# Task to carry out
Give, as a bare number, the count of lines below that contain "open".

Dataset entries
______

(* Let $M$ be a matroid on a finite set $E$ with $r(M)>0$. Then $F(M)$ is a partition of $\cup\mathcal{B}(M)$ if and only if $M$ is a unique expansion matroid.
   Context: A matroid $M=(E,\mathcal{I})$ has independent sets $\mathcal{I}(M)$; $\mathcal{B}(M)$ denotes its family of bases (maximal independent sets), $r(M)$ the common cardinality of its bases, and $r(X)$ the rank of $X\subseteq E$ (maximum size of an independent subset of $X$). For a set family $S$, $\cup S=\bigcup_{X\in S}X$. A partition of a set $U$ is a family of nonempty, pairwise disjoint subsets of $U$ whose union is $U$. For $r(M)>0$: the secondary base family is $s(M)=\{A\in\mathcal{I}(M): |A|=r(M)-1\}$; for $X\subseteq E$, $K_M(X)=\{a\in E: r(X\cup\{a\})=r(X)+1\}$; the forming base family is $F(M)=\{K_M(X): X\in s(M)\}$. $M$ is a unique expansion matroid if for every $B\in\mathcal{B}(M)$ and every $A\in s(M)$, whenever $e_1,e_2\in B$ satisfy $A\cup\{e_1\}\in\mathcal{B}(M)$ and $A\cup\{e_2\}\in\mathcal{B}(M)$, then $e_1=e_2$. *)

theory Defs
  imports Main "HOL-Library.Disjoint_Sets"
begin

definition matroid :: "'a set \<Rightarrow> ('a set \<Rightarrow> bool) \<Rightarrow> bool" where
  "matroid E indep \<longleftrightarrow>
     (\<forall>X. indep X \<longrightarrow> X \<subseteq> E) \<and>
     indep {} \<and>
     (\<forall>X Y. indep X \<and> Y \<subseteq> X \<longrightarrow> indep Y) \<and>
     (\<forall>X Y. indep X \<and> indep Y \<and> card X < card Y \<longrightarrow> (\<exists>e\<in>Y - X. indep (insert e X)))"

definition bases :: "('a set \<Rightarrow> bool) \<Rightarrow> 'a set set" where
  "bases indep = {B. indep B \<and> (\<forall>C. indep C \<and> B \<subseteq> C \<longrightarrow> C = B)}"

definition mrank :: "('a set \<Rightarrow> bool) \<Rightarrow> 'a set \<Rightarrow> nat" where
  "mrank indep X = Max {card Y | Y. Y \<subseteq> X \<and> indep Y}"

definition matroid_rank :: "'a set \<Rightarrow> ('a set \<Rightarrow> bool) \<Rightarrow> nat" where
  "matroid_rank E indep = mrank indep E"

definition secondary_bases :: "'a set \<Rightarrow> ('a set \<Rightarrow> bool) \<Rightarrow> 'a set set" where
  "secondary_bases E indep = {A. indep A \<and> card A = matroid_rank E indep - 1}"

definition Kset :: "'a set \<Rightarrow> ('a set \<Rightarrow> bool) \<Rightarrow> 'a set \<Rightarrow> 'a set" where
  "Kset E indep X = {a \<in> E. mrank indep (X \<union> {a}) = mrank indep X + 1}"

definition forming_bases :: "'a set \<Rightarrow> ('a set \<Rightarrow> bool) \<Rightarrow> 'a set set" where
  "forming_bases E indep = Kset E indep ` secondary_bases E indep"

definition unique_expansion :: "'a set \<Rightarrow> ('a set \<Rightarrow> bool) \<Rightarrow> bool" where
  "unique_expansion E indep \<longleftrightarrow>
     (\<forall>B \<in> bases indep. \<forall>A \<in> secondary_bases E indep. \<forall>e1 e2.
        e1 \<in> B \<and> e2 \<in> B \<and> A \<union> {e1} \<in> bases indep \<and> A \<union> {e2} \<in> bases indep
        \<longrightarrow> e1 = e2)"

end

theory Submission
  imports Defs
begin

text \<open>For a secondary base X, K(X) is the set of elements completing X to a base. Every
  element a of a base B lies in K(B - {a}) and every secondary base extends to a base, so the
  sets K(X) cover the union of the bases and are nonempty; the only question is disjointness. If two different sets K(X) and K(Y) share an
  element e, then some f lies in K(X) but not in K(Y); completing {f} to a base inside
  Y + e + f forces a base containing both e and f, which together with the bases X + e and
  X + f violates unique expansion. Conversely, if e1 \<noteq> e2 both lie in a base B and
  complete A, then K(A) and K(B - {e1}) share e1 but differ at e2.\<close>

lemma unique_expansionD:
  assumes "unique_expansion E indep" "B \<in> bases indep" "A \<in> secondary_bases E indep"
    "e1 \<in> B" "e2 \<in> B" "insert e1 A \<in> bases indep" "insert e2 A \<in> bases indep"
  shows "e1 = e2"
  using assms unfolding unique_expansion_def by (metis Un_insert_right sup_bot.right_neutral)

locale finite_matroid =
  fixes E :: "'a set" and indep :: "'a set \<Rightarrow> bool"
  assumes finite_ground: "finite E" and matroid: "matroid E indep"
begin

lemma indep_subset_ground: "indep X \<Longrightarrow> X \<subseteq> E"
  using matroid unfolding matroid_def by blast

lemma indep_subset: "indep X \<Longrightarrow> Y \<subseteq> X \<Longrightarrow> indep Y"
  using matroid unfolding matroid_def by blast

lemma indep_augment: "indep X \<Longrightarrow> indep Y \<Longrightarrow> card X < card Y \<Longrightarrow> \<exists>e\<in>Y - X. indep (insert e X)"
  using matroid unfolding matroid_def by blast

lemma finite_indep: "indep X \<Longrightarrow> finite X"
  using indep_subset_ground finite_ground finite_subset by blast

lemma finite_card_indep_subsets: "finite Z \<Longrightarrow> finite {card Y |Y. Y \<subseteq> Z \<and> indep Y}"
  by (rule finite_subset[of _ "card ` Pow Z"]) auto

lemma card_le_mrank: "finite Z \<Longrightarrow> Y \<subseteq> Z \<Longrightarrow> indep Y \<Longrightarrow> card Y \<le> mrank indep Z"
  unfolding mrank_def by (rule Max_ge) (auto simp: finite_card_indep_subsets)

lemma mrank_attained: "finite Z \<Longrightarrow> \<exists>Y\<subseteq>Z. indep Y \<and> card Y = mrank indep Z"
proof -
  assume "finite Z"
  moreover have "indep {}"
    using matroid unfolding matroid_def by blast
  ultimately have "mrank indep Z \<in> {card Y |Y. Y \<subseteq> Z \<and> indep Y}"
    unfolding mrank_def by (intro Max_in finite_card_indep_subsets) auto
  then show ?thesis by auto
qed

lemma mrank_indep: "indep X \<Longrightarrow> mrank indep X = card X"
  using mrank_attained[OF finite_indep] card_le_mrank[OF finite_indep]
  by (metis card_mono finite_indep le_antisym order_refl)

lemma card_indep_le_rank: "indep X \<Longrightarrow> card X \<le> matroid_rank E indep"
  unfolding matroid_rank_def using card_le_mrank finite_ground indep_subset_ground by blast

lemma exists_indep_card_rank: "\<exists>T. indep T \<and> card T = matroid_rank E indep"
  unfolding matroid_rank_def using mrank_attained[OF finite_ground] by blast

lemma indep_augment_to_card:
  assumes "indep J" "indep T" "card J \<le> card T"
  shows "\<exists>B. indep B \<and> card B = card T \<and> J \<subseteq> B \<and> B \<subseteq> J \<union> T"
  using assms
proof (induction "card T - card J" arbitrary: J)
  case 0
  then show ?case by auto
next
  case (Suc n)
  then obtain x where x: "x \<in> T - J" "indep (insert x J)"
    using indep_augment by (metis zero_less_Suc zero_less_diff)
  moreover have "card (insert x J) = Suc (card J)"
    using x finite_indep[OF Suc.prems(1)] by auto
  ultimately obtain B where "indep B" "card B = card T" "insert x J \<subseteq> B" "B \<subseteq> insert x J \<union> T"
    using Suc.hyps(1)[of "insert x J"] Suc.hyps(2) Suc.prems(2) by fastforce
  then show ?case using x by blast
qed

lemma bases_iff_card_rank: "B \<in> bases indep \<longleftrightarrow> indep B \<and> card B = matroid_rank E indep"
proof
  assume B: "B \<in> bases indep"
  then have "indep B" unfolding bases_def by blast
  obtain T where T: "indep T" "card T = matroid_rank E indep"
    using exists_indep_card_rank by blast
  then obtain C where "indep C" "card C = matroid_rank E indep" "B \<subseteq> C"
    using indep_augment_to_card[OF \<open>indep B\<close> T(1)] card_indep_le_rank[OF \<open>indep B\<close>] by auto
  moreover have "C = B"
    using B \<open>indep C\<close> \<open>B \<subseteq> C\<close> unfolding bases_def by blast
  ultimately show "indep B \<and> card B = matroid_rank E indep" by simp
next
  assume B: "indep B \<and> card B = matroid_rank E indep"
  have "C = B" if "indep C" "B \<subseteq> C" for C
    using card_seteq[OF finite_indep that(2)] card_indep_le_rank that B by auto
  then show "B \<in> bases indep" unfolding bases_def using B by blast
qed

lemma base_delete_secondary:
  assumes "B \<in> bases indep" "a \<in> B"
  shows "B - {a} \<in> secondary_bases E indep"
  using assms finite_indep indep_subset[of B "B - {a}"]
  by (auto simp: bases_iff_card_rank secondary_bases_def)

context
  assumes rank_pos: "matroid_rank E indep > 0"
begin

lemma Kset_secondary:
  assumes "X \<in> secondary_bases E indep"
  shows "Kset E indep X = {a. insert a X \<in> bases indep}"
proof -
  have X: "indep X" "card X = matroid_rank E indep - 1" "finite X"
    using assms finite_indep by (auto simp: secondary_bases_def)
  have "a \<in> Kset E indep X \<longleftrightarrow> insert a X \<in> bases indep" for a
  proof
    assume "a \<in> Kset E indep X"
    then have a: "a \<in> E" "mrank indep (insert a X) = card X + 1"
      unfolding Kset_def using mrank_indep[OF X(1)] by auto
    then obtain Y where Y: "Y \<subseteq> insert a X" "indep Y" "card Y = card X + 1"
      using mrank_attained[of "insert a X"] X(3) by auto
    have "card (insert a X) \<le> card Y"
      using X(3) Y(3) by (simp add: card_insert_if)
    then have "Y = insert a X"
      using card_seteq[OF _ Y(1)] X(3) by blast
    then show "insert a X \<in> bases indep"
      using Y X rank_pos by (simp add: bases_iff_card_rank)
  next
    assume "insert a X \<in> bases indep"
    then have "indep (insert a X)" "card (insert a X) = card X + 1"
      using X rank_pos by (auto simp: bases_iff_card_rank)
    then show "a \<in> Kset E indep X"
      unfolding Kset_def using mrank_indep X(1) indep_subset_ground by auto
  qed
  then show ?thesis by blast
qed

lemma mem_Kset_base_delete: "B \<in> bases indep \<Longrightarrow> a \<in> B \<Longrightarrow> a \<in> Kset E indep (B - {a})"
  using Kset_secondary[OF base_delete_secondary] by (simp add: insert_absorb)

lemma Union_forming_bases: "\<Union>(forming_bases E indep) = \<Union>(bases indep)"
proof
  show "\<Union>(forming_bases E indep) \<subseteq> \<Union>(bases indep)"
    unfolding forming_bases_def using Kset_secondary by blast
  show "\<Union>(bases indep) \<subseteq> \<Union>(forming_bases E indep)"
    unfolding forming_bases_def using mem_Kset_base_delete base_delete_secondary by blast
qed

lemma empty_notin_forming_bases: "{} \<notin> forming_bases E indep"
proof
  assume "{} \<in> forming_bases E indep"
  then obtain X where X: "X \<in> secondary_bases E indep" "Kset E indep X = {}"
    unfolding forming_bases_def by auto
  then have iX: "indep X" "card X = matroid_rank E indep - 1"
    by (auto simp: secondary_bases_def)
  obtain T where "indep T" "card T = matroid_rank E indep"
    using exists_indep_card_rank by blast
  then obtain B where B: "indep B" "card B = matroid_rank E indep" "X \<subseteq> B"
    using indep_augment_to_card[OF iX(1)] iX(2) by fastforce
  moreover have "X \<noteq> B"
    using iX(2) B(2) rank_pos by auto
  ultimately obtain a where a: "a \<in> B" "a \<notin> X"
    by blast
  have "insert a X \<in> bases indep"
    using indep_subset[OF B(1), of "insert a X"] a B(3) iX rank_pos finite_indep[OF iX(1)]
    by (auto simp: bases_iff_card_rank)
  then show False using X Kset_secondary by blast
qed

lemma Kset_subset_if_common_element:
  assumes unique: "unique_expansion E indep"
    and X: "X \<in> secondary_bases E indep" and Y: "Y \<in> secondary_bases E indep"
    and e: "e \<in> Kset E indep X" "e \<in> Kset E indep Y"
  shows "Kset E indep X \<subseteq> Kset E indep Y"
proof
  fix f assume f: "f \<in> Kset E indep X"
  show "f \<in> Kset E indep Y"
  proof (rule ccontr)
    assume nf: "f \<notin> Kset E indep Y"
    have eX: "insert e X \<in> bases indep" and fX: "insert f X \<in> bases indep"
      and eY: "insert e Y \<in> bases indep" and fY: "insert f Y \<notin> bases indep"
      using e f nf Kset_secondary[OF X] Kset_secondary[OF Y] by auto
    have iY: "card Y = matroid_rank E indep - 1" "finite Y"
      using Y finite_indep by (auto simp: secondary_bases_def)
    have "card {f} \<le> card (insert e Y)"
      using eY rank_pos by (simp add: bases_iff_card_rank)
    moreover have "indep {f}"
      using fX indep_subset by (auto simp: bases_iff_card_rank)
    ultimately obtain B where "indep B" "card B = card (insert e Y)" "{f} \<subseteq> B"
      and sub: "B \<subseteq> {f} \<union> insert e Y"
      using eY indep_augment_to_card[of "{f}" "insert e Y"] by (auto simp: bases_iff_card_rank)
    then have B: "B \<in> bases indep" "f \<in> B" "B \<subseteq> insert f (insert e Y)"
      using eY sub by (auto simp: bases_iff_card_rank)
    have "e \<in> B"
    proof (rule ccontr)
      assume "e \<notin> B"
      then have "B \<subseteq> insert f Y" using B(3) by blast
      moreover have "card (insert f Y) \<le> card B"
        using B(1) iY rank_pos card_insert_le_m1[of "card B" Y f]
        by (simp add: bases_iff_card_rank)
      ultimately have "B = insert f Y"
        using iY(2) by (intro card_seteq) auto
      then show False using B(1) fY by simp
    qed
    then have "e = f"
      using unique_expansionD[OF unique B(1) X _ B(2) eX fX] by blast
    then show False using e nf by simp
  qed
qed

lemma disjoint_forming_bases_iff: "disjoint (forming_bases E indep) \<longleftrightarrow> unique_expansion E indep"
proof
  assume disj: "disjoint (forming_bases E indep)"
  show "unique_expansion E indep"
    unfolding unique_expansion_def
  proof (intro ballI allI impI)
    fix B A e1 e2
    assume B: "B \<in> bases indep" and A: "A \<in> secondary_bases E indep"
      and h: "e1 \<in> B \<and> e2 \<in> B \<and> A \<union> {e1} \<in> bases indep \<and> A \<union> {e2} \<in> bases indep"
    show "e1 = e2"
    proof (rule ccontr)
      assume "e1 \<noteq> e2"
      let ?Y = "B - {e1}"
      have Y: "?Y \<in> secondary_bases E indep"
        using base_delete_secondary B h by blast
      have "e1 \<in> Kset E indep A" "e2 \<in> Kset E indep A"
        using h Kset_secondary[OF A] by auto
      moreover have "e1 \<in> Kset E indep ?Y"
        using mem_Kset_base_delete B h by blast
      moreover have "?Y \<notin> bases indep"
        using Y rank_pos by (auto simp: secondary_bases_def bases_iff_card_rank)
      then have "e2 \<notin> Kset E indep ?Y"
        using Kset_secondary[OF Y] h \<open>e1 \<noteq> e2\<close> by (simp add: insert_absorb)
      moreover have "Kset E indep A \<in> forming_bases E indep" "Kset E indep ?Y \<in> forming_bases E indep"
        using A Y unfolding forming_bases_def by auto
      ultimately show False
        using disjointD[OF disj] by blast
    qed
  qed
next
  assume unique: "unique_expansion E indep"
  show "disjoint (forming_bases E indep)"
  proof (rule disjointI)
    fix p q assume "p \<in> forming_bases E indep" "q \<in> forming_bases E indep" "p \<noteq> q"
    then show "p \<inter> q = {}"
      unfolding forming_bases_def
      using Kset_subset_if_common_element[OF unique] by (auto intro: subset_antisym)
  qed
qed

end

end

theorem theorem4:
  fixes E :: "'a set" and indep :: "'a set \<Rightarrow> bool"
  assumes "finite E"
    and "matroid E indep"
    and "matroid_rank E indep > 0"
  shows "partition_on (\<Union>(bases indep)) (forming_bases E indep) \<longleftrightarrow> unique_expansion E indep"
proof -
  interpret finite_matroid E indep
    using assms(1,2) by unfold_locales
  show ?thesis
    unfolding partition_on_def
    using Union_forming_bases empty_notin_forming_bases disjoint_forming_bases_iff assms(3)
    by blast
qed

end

______

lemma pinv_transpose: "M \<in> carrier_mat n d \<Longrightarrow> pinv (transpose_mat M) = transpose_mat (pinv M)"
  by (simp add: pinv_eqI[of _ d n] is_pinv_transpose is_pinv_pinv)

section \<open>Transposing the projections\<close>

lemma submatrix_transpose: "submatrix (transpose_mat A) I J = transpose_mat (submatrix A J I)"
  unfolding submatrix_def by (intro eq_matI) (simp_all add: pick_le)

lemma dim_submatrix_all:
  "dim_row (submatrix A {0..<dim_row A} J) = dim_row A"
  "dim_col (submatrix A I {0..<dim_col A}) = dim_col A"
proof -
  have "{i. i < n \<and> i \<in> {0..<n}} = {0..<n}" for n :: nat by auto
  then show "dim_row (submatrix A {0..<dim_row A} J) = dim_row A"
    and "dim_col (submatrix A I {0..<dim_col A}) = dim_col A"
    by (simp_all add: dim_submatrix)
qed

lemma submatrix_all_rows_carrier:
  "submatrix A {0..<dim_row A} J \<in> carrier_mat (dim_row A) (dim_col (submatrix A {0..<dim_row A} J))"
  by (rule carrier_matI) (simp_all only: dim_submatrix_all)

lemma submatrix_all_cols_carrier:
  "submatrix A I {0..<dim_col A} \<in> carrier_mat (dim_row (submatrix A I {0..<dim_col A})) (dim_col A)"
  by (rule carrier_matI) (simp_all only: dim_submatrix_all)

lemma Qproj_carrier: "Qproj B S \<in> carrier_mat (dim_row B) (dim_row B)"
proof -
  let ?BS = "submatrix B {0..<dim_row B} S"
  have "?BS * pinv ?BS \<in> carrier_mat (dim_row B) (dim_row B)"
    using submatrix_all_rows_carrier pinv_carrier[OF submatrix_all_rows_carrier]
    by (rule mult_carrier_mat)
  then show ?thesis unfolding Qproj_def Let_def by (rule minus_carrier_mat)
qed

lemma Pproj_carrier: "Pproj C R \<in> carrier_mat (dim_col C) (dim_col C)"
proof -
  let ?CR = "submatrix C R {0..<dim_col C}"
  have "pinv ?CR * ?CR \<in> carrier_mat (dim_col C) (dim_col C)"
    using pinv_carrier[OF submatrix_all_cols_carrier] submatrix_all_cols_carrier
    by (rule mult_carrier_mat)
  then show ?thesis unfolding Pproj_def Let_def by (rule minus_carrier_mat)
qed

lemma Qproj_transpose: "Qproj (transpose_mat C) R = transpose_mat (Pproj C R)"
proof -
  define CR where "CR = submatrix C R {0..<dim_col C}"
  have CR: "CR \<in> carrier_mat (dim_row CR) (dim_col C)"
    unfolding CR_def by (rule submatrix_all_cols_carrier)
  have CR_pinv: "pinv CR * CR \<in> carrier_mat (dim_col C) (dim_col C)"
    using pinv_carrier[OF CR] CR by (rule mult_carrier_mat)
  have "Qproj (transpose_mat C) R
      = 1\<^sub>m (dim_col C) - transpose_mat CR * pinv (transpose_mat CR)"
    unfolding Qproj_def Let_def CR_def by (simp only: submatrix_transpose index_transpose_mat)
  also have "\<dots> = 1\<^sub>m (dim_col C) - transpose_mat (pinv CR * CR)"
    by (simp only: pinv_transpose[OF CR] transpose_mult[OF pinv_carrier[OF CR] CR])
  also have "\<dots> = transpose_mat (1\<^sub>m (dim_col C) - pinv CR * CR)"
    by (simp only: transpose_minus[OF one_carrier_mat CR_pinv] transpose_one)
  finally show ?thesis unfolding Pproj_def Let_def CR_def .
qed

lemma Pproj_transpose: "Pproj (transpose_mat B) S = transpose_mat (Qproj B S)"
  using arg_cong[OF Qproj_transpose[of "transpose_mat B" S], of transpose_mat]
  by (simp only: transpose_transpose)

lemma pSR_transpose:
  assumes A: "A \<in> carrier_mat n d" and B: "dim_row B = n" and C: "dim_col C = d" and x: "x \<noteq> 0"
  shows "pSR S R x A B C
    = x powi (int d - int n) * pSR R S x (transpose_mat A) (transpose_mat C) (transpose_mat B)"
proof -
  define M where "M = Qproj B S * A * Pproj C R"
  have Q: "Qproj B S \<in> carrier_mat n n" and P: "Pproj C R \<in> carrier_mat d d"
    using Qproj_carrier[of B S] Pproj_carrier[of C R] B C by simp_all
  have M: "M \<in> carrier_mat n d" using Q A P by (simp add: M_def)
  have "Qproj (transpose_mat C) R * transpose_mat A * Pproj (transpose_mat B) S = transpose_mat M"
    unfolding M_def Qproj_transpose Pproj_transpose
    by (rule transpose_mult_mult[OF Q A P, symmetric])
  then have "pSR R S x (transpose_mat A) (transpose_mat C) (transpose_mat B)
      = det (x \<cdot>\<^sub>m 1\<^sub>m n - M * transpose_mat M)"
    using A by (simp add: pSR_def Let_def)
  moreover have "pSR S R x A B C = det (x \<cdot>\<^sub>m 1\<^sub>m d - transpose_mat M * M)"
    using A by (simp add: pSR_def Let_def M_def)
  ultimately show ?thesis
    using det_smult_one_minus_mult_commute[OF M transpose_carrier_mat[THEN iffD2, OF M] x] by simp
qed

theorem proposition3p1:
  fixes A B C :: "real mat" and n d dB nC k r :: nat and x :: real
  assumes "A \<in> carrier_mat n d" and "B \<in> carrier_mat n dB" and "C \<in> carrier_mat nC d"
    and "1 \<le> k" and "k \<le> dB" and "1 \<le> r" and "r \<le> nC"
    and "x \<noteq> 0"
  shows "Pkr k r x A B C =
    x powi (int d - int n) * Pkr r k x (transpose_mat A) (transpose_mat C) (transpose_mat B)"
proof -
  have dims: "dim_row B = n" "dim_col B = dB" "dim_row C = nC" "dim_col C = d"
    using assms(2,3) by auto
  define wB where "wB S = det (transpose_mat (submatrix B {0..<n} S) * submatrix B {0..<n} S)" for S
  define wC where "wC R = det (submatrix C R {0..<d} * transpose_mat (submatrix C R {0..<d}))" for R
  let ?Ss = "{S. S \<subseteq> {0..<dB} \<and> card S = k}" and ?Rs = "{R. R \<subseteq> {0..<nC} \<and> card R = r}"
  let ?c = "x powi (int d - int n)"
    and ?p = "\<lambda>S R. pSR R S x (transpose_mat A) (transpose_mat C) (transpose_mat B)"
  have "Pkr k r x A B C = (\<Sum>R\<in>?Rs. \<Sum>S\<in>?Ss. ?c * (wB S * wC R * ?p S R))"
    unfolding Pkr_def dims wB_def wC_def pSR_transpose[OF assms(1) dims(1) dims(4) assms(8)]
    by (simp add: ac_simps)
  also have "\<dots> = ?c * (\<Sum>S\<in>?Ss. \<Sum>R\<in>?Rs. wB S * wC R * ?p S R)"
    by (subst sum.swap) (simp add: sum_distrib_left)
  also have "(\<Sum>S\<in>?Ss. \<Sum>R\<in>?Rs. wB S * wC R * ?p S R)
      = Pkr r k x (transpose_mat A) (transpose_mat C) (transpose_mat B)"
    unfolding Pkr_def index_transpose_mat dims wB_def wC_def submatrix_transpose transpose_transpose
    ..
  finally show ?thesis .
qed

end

______

# The answer
5